Читать онлайн книгу Поздний сталинизм: Эстетика политики. Том 2 - Евгений Добренко страница 13
Споры вокруг Марра как в начале 1930‐х, так и в начале 1950‐х годов вращались вокруг его «марксизма». Провозглашенное настоящим воплощением марксизма в языкознании на рубеже 1930‐х годов его «новое учение о языке» было низвергнуто с марксистского пьедестала главным идеологическим судией в 1950 году. Сталин заявил, что «Марр много кричал о марксизме, но он не был марксистом» и назвал его «вульгаризатором». Так обычно называли марксистов в постклассовую эпоху сталинской державности.

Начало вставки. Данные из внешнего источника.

lemma inj_on_box_shift:
  assumes "2 * l + 1 \<le> N"
  shows "inj_on (\<lambda>v. tor N (\<lambda>i. x i + v i)) (cube l)"
proof (rule inj_onI, rule ext)
  fix v w i
  assume "v \<in> cube l" "w \<in> cube l" and eq: "tor N (\<lambda>i. x i + v i) = tor N (\<lambda>i. x i + w i)"
  then have "\<bar>v i\<bar> \<le> int l" "\<bar>w i\<bar> \<le> int l"
    unfolding cube_def by auto
  then have "\<bar>v i - w i\<bar> < int N"
    using assms by linarith
  moreover have "int N dvd v i - w i"
    using fun_cong[OF eq, of i] unfolding tor_def by (simp add: mod_eq_dvd_iff)
  ultimately show "v i = w i"
    using dvd_imp_le_int[of "v i - w i" "int N"] by linarith
qed

lemma card_box:
  assumes "2 * l + 1 \<le> N"
  shows "card (box N l x :: ('d::finite \<Rightarrow> int) set) = (2 * l + 1) ^ CARD('d)"
  unfolding box_eq_image card_image[OF inj_on_box_shift[OF assms]] card_cube ..

lemma box_subset_torus: "0 < N \<Longrightarrow> box N l x \<subseteq> torus N"
  unfolding box_eq_image by (auto intro: tor_in_torus)

lemma finite_box: "0 < N \<Longrightarrow> finite (box N l x)"
  using finite_subset[OF box_subset_torus finite_torus] .

lemma center_in_box: "x \<in> torus N \<Longrightarrow> x \<in> box N l x"
  unfolding box_def by (intro CollectI exI[of _ "\<lambda>_. 0"]) (simp add: tor_eq_self)

lemma shift_in_box: "a \<in> cube l \<Longrightarrow> tor N (\<lambda>i. x i + a i) \<in> box N l x"
  unfolding box_eq_image by (rule imageI)

lemma card_occupied_box_le:
  fixes x :: "'d::finite \<Rightarrow> int"
  assumes "2 * l + 1 \<le> N"
  shows "card {y\<in>box N l x. \<eta> y} \<le> (2 * l + 1) ^ CARD('d)"
proof -
  have "finite (box N l x)"
    using assms by (intro finite_box) simp
  then show ?thesis
    using card_mono[of "box N l x" "{y\<in>box N l x. \<eta> y}"] card_box[OF assms, of x] by auto
qed

lemma blockavg_eq_card:
  fixes x :: "'d::finite \<Rightarrow> int"
  assumes "2 * l + 1 \<le> N"
  shows "blockavg N l x \<xi> = real (card {y\<in>box N l x. \<xi> y}) / (2 * real l + 1) ^ CARD('d)"
proof -
  have "finite (box N l x)"
    using assms by (intro finite_box) simp
  then show ?thesis
    unfolding blockavg_def by (simp add: Int_def conj_commute)
qed

section \<open>Expectations of local functions\<close>

lemma prod_if_eq_bern_weight:
  assumes "finite S"
  shows "(\<Prod>z\<in>S. if \<zeta> z then r else 1 - r) = bern_weight (card {z\<in>S. \<zeta> z}) (card S - card {z\<in>S. \<zeta> z}) r"
proof -
  have "S \<inter> {z. \<zeta> z} = {z\<in>S. \<zeta> z}" "S \<inter> - {z. \<zeta> z} = S - {z\<in>S. \<zeta> z}"
    by auto
  then show ?thesis
    using assms by (simp add: prod.If_cases bern_weight_def card_Diff_subset)
qed
definition orthonormal_triple :: "'a::real_inner \<Rightarrow> 'a \<Rightarrow> 'a \<Rightarrow> bool" where
  "orthonormal_triple u v w \<longleftrightarrow> norm u = 1 \<and> norm v = 1 \<and> norm w = 1 \<and>
     inner u v = 0 \<and> inner v w = 0 \<and> inner u w = 0"

lemma is_cube_iff:
  "is_cube V \<longleftrightarrow>
     (\<exists>c s u v w. s > 0 \<and> orthonormal_triple u v w \<and> V = cube_vertices c s u v w)"
  by (simp add: is_cube_def orthonormal_triple_def)

lemma orthonormal_triple_scaleR_signs:
  assumes "orthonormal_triple u v w" "a \<in> {-1, 1}" "b \<in> {-1, 1}" "d \<in> {-1, 1}"
  shows "orthonormal_triple (a *\<^sub>R u) (b *\<^sub>R v) (d *\<^sub>R w)"
  using assms by (auto simp: orthonormal_triple_def)

lemma orthonormal_tripleD:
  assumes "orthonormal_triple u v w"
  shows "inner u u = 1" "inner v v = 1" "inner w w = 1"
    "inner u v = 0" "inner v w = 0" "inner u w = 0"
    "inner v u = 0" "inner w v = 0" "inner w u = 0"
  using assms by (simp_all add: orthonormal_triple_def inner_commute flip: power2_norm_eq_inner)

lemma norm_diff_orthonormal:
  fixes u v :: "'a::real_inner"
  assumes "inner u u = 1" "inner v v = 1" "inner u v = 0"
  shows "norm (u - v) = sqrt 2"
proof -
  have "(norm (u - v))\<^sup>2 = 2"
    using assms by (simp add: power2_norm_eq_inner inner_diff inner_commute)
  then show ?thesis by (simp add: real_sqrt_unique)
qed

lemma orthogonal_orthonormal_triple_imp_zero:
  fixes c :: "real^3"
  assumes "orthonormal_triple u v w" "inner c u = 0" "inner c v = 0" "inner c w = 0"
  shows "c = 0"
proof (rule ccontr)
  assume "c \<noteq> 0"
  have "pairwise orthogonal {u, v, w, c}" "0 \<notin> {u, v, w, c}"
    using assms \<open>c \<noteq> 0\<close>
    by (auto simp: pairwise_def orthogonal_def orthonormal_triple_def inner_commute)
  then have "card {u, v, w, c} \<le> 3"
    using pairwise_orthogonal_independent independent_bound by fastforce
  moreover have "u \<noteq> v" "u \<noteq> w" "v \<noteq> w" "u \<noteq> c" "v \<noteq> c" "w \<noteq> c"
    using assms(2-4) orthonormal_tripleD[OF assms(1)] by auto
  then have "card {u, v, w, c} = 4" by simp
  ultimately show False by linarith
qed

lemma cube_vertices_eq_image:
  "cube_vertices c s u v w =
     (\<lambda>(a, b, d). c + s *\<^sub>R (a *\<^sub>R u + b *\<^sub>R v + d *\<^sub>R w)) ` ({-1, 1} \<times> {-1, 1} \<times> {-1, 1})"
  unfolding cube_vertices_def image_def by (auto simp: Bex_def)

lemma cube_vertices_centred:
  "cube_vertices 0 s u v w =
     {s *\<^sub>R (u + v + w), s *\<^sub>R (-u + v + w), s *\<^sub>R (u - v + w), s *\<^sub>R (u + v - w),
      -(s *\<^sub>R (u + v + w)), -(s *\<^sub>R (-u + v + w)), -(s *\<^sub>R (u - v + w)), -(s *\<^sub>R (u + v - w))}"
proof -
  have signs: "{-1, 1::real} \<times> {-1, 1} \<times> {-1, 1} =
    {(1, 1, 1), (-1, 1, 1), (1, -1, 1), (1, 1, -1), (-1, -1, -1), (1, -1, -1), (-1, 1, -1), (-1, -1, 1)}"
    by (simp add: insert_commute)
  show ?thesis
    unfolding cube_vertices_eq_image signs image_insert image_empty
    by (simp only: prod.case add_0_left scaleR_one scaleR_minus_left diff_conv_add_uminus
        minus_add_distrib minus_minus flip: scaleR_minus_right)
qed

lemma cube_vertices_scaleR_signs:
  assumes "a0 \<in> {-1, 1}" "b0 \<in> {-1, 1}" "d0 \<in> {-1, 1}"
  shows "cube_vertices c s (a0 *\<^sub>R u) (b0 *\<^sub>R v) (d0 *\<^sub>R w) = cube_vertices c s u v w"
proof -
  have sub: "cube_vertices c s (a0 *\<^sub>R u) (b0 *\<^sub>R v) (d0 *\<^sub>R w) \<subseteq> cube_vertices c s u v w"
    if "a0 \<in> {-1, 1}" "b0 \<in> {-1, 1}" "d0 \<in> {-1, 1}" for a0 b0 d0 u v w
  proof
    fix x assume "x \<in> cube_vertices c s (a0 *\<^sub>R u) (b0 *\<^sub>R v) (d0 *\<^sub>R w)"
    then obtain a b d where signs: "a \<in> {-1, 1}" "b \<in> {-1, 1}" "d \<in> {-1, 1}"
      and "x = c + s *\<^sub>R ((a * a0) *\<^sub>R u + (b * b0) *\<^sub>R v + (d * d0) *\<^sub>R w)"
      unfolding cube_vertices_def by auto
    moreover have "a * a0 \<in> {-1, 1}" "b * b0 \<in> {-1, 1}" "d * d0 \<in> {-1, 1}"
      using signs that by auto
    ultimately show "x \<in> cube_vertices c s u v w"
      unfolding cube_vertices_def by blast
  qed
  have "cube_vertices c s u v w \<subseteq> cube_vertices c s (a0 *\<^sub>R u) (b0 *\<^sub>R v) (d0 *\<^sub>R w)"
    using sub[OF assms, of "a0 *\<^sub>R u" "b0 *\<^sub>R v" "d0 *\<^sub>R w"] assms by auto
  then show ?thesis using sub[OF assms] by blast
qed

lemma norm_sq_cube_vertex:
  assumes "orthonormal_triple u v w" "a \<in> {-1, 1}" "b \<in> {-1, 1}" "d \<in> {-1, 1}"
  shows "(norm (c + s *\<^sub>R (a *\<^sub>R u + b *\<^sub>R v + d *\<^sub>R w)))\<^sup>2 =
           (norm c)\<^sup>2 + 2 * s * (a * inner c u + b * inner c v + d * inner c w) + 3 * s\<^sup>2"
proof -
  define y where "y = a *\<^sub>R u + b *\<^sub>R v + d *\<^sub>R w"
  have "inner y y = 3"
    using assms orthonormal_tripleD[OF assms(1)] by (auto simp: y_def inner_add)
  then have "(norm (c + s *\<^sub>R y))\<^sup>2 = (norm c)\<^sup>2 + 2 * s * inner c y + 3 * s\<^sup>2"
    unfolding power2_norm_eq_inner
    by (simp add: inner_add inner_commute algebra_simps flip: power2_eq_square)
  then show ?thesis by (simp add: y_def inner_add_right)
qed

lemma inscribed_cube_centre_radius:
  fixes c u v w :: "real^3"
  assumes "s > 0" "orthonormal_triple u v w" "cube_vertices c s u v w \<subseteq> sphere 0 1"
  shows "c = 0" "3 * s\<^sup>2 = 1"
proof -
  have vertex: "(norm c)\<^sup>2 + 2 * a * (s * inner c u) + 2 * b * (s * inner c v)
                  + 2 * d * (s * inner c w) + 3 * s\<^sup>2 = 1"
    if signs: "a \<in> {-1, 1}" "b \<in> {-1, 1}" "d \<in> {-1, 1}" for a b d
  proof -
    have "c + s *\<^sub>R (a *\<^sub>R u + b *\<^sub>R v + d *\<^sub>R w) \<in> sphere 0 1"
      using assms(3) signs unfolding cube_vertices_def by blast
    then show ?thesis
      using norm_sq_cube_vertex[OF assms(2) signs, of c s] by (simp add: algebra_simps)
  qed
  have "s * inner c u = 0" "s * inner c v = 0" "s * inner c w = 0"
    using vertex[of 1 1 1, simplified] vertex[of "-1" "-1" "-1", simplified]
      vertex[of "-1" 1 1, simplified] vertex[of 1 "-1" 1, simplified] vertex[of 1 1 "-1", simplified]
    by linarith+
  with \<open>s > 0\<close> show "c = 0"
    by (intro orthogonal_orthonormal_triple_imp_zero[OF assms(2)]) simp_all
  with vertex[of 1 1 1] show "3 * s\<^sup>2 = 1" by simp
qed

lemma inner_vector_0_0_1: "inner (x::real^3) (vector [0, 0, 1]) = x$3"
  by (simp add: inner_vec_def sum_3)

lemma horiz_vector_0_0_1 [simp]: "horiz (vector [0, 0, 1]) = 0"
  by (simp add: horiz_def complex_eq_iff)

lemma stereo_cube_with_pole:
  fixes u v w :: "real^3"
  assumes orth: "orthonormal_triple u v w" and "3 * s\<^sup>2 = 1"
    and pole: "s *\<^sub>R (u + v + w) = vector [0, 0, 1]"
  shows "\<exists>a b c. equilateral a b c \<and>
           stereo ` (cube_vertices 0 s u v w - {vector [0, 0, 1], - vector [0, 0, 1]}) =
             {a, b, c, (a + b) / 2, (b + c) / 2, (c + a) / 2}"
proof -
  define p1 where "p1 = s *\<^sub>R (-u + v + w)"
  define p2 where "p2 = s *\<^sub>R (u - v + w)"
  define p3 where "p3 = s *\<^sub>R (u + v - w)"
  note inners = orthonormal_tripleD[OF orth]
  have height_eq: "(s *\<^sub>R x)$3 = s\<^sup>2 * inner x (u + v + w)" for x
    by (simp add: power2_eq_square flip: inner_vector_0_0_1 pole)
  have "inner (-u + v + w) (u + v + w) = 1" "inner (u - v + w) (u + v + w) = 1"
    "inner (u + v - w) (u + v + w) = 1"
    using inners by (simp_all add: inner_add inner_diff)
  then have height: "p1$3 = 1/3" "p2$3 = 1/3" "p3$3 = 1/3"
    using \<open>3 * s\<^sup>2 = 1\<close> unfolding p1_def p2_def p3_def height_eq by simp_all
  have "x \<noteq> vector [0, 0, 1] \<and> x \<noteq> - vector [0, 0, 1]"
    if "x \<in> {p1, p2, p3, -p1, -p2, -p3}" for x
  proof -
    have "x$3 \<in> {1/3, -1/3}" using that height by auto
    then show ?thesis by auto
  qed
  then have vertices: "cube_vertices 0 s u v w - {vector [0, 0, 1], - vector [0, 0, 1]} =
                       {p1, p2, p3, -p1, -p2, -p3}"
    unfolding cube_vertices_centred pole p1_def [symmetric] p2_def [symmetric] p3_def [symmetric]
    by auto
  have "p1 + p2 + p3 = s *\<^sub>R (u + v + w)"
    by (simp add: p1_def p2_def p3_def vec_eq_iff algebra_simps)
  then have balanced: "horiz p1 + horiz p2 + horiz p3 = 0"
    by (simp add: pole flip: horiz_add)
  have "p1 - p2 = (2 * s) *\<^sub>R (v - u)" "p2 - p3 = (2 * s) *\<^sub>R (w - v)"
    "p3 - p1 = (2 * s) *\<^sub>R (u - w)"
    by (simp_all add: p1_def p2_def p3_def vec_eq_iff algebra_simps)
  then have "dist p1 p2 = \<bar>2 * s\<bar> * norm (v - u)" "dist p2 p3 = \<bar>2 * s\<bar> * norm (w - v)"
    "dist p3 p1 = \<bar>2 * s\<bar> * norm (u - w)"
    by (simp_all only: dist_norm norm_scaleR)
  moreover have "norm (v - u) = sqrt 2" "norm (w - v) = sqrt 2" "norm (u - w) = sqrt 2"
    using inners by (simp_all add: norm_diff_orthonormal)
  moreover have "s \<noteq> 0" using \<open>3 * s\<^sup>2 = 1\<close> by auto
  ultimately have nonzero: "dist p1 p2 \<noteq> 0"
    and equal: "dist p1 p2 = dist p2 p3" "dist p2 p3 = dist p3 p1"
    by simp_all
  from nonzero have "p1 \<noteq> p2" by auto
  then show ?thesis
    unfolding vertices using equal by (rule stereo_image_triangle_one_third[OF height balanced])
qed

theorem lemma3p8:
  fixes V :: "(real^3) set"
  assumes "is_cube V"
    and "V \<subseteq> sphere 0 1"
    and "vector [0, 0, 1] \<in> V"
    and "vector [0, 0, -1] \<in> V"
  shows "\<exists>a b c. equilateral a b c \<and>
           stereo ` (V - {vector [0, 0, 1], vector [0, 0, -1]}) =
             {a, b, c, (a + b) / 2, (b + c) / 2, (c + a) / 2}"
proof -
  obtain c s u v w where "s > 0" and orth: "orthonormal_triple u v w"
    and V: "V = cube_vertices c s u v w"
    using assms(1) unfolding is_cube_iff by blast
  with assms(2) have "c = 0" "3 * s\<^sup>2 = 1"
    using inscribed_cube_centre_radius by blast+
  obtain a0 b0 d0 where signs: "a0 \<in> {-1, 1}" "b0 \<in> {-1, 1}" "d0 \<in> {-1, 1}"
    and "vector [0, 0, 1] = c + s *\<^sub>R (a0 *\<^sub>R u + b0 *\<^sub>R v + d0 *\<^sub>R w)"
    using assms(3) unfolding V cube_vertices_def by blast
  then have pole: "s *\<^sub>R (a0 *\<^sub>R u + b0 *\<^sub>R v + d0 *\<^sub>R w) = vector [0, 0, 1]"
    using \<open>c = 0\<close> by simp
  have "V = cube_vertices 0 s (a0 *\<^sub>R u) (b0 *\<^sub>R v) (d0 *\<^sub>R w)"
    unfolding V \<open>c = 0\<close> cube_vertices_scaleR_signs[OF signs] ..
  moreover have "vector [0, 0, -1] = - (vector [0, 0, 1] :: real^3)"
    by (simp add: vec_eq_iff forall_3)
  ultimately show ?thesis
    using stereo_cube_with_pole[OF orthonormal_triple_scaleR_signs[OF orth signs]
        \<open>3 * s\<^sup>2 = 1\<close> pole]
    by (simp only:)
qed

end
(* Let $\Gamma$ be co-compact (no parabolic elements) and let $\chi_k,\chi_{-k}:\Gamma\to\mathcal U(V)$ be $m$-dimensional unitary multiplier systems of admissible weights $2k$ and $-2k$ respectively, with $\chi_{-k}=\overline{\chi_k}$. Then the associated Ruelle zeta functions satisfy $$R(s;\chi_{-k})R(-s;\chi_{-k})=R(s;\chi_k)R(-s;\chi_k).$$
   Context: $\Gamma\subset\mathrm{SL}(2,\mathbb R)$ is a co-compact Fuchsian group with $-I_2\in\Gamma$. An $m$-dimensional unitary multiplier system of real weight $2k$ is a map $\chi:\Gamma\to\mathcal U(V)$, $\dim V=m$, with $\chi(-I_2)=e^{-2\pi ik}I_V$ and $\chi(\gamma\eta)=\sigma_{2k}(\gamma,\eta)\chi(\gamma)\chi(\eta)$, $\sigma_{2k}$ the standard weight-$2k$ factor system. For ${\rm Re}(s)>1$, $R(s;\chi)=\prod_{P_0}\det(I_m-\chi(P_0)N(P_0)^{-s})$, the product over primitive hyperbolic conjugacy classes $P_0$ of $\Gamma$ with norm $N(P_0)$, meromorphically continued to $\mathbb C$. *)

theory Defs
  imports "HOL-Complex_Analysis.Complex_Analysis"
begin

type_synonym mat2 = "real^2^2"

definition SL2R :: "mat2 set" where
  "SL2R = {A. det A = 1}"

definition uhp :: "complex set" where
  "uhp = {z. Im z > 0}"

definition mobius :: "mat2 \<Rightarrow> complex \<Rightarrow> complex" where
  "mobius A z = (of_real (A$1$1) * z + of_real (A$1$2)) / (of_real (A$2$1) * z + of_real (A$2$2))"

definition fuchsian_group :: "mat2 set \<Rightarrow> bool" where
  "fuchsian_group G \<longleftrightarrow> G \<subseteq> SL2R \<and> mat 1 \<in> G \<and>
     (\<forall>A\<in>G. \<forall>B\<in>G. A ** B \<in> G) \<and> (\<forall>A\<in>G. matrix_inv A \<in> G) \<and> discrete G"

text \<open>Co-compact: the quotient of the upper half plane by G is compact, i.e. there is a compact
  subset of the upper half plane meeting every G-orbit.\<close>
definition cocompact :: "mat2 set \<Rightarrow> bool" where
  "cocompact G \<longleftrightarrow> (\<exists>K. compact K \<and> K \<subseteq> uhp \<and> (\<forall>z\<in>uhp. \<exists>g\<in>G. mobius g z \<in> K))"

text \<open>Argument convention -pi <= arg w < pi, and w^r = |w|^r exp(i r arg w).\<close>
definition arg_conv :: "complex \<Rightarrow> real" where
  "arg_conv w = (if Arg w = pi then - pi else Arg w)"

definition cpow_conv :: "complex \<Rightarrow> real \<Rightarrow> complex" where
  "cpow_conv w r = of_real (cmod w powr r) * cis (r * arg_conv w)"

definition jfac :: "mat2 \<Rightarrow> complex \<Rightarrow> complex" where
  "jfac A z = of_real (A$2$1) * z + of_real (A$2$2)"

text \<open>Standard factor system of weight r (independent of z in the upper half plane; evaluated at i).\<close>
definition sigma :: "real \<Rightarrow> mat2 \<Rightarrow> mat2 \<Rightarrow> complex" where
  "sigma r A B = cpow_conv (jfac A (mobius B \<i>)) r * cpow_conv (jfac B \<i>) r / cpow_conv (jfac (A ** B) \<i>) r"

definition adjoint_mat :: "complex^'m^'m \<Rightarrow> complex^'m^'m" where
  "adjoint_mat U = (\<chi> i j. cnj (U$j$i))"

definition unitary_mat :: "complex^'m^'m \<Rightarrow> bool" where
  "unitary_mat U \<longleftrightarrow> U ** adjoint_mat U = mat 1 \<and> adjoint_mat U ** U = mat 1"

definition conj_mat :: "complex^'m^'m \<Rightarrow> complex^'m^'m" where
  "conj_mat U = (\<chi> i j. cnj (U$i$j))"

definition cscale_mat :: "complex \<Rightarrow> complex^'m^'m \<Rightarrow> complex^'m^'m" where
  "cscale_mat c U = (\<chi> i j. c * U$i$j)"

definition multiplier_system :: "mat2 set \<Rightarrow> real \<Rightarrow> (mat2 \<Rightarrow> complex^'m^'m) \<Rightarrow> bool" where
  "multiplier_system G r X \<longleftrightarrow>
     (\<forall>g\<in>G. unitary_mat (X g)) \<and>
     X (- mat 1) = cscale_mat (cis (- pi * r)) (mat 1) \<and>
     (\<forall>g\<in>G. \<forall>h\<in>G. X (g ** h) = cscale_mat (sigma r g h) (X g ** X h))"
lemma vec_compress_expand:
  assumes "I \<subseteq> {0..<n}" "w \<in> carrier_vec (card I)"
  shows "vec_compress I (vec_expand n I w) = w"
proof (rule eq_vecI)
  fix l assume "l < dim_vec w"
  then have l: "l < card I" using assms(2) by simp
  then have "pick I l \<in> I" "card {a \<in> I. a < pick I l} = l"
    by (simp_all add: pick_in_set card_pick)
  with l assms(1) show "vec_compress I (vec_expand n I w) $ l = w $ l"
    by (auto simp: vec_compress_def vec_expand_def)
qed (use assms in simp)

lemma vec_compress_eq_0:
  assumes I: "I \<subseteq> {0..<n}" and d: "d \<in> carrier_vec n"
    and supp: "\<forall>k<n. k \<notin> I \<longrightarrow> d $ k = 0"
    and "vec_compress I d = 0\<^sub>v (card I)"
  shows "d = 0\<^sub>v n"
proof (rule eq_vecI)
  fix k assume "k < dim_vec (0\<^sub>v n)"
  then have k: "k < n" by simp
  show "d $ k = 0\<^sub>v n $ k"
  proof (cases "k \<in> I")
    case True
    have "card {a \<in> I. a < k} < card I"
      using I True by (intro card_less_in_set) (auto intro: finite_subset)
    then have "d $ k = vec_compress I d $ card {a \<in> I. a < k}"
      using pick_card_in_set[OF True] by (simp add: vec_compress_def)
    with \<open>card {a \<in> I. a < k} < card I\<close> assms(4) k show ?thesis by simp
  qed (use supp k in simp)
qed (use d in simp)

lemma submatrix_UNIV_carrier:
  assumes "A \<in> carrier_mat m n" "J \<subseteq> {0..<n}"
  shows "submatrix A UNIV J \<in> carrier_mat m (card J)"
proof -
  have "{j. j < n \<and> j \<in> J} = J" using assms(2) by auto
  with assms(1) show ?thesis by (intro carrier_matI) (simp_all add: dim_submatrix)
qed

И хотя самое понятие «марксистский» имело совершенно разное наполнение в Советской России в 1920‐е и в 1950‐е годы, если видеть в марксизме определенную концептуальную и категориальную раму и сравнить подобные же аппликации в философии, истории, литературоведении, искусствознании, правоведении и мн. других дисциплинах в 1920‐е – начале 1930‐х годов, если поставить лингвистические дискуссии эпохи формирования «нового учения о языке» в контекст дискуссий на других культурных и научных «фронтах», в широкий контекст идеологических споров тех лет, можно определенно утверждать: Марр был одним из представителей именно «марксистского языкознания» (подобно Покровскому в истории, Крыленко и Пашуканису в правоведении, Переверзеву и Фриче в литературоведении и т. д.). То обстоятельство, что это учение было фантастическим, непоследовательным или научно непродуктивным, а его адепты обвиняли друг друга в «социал-фашистской контрабанде», конечно, не делает его «антимарксистским».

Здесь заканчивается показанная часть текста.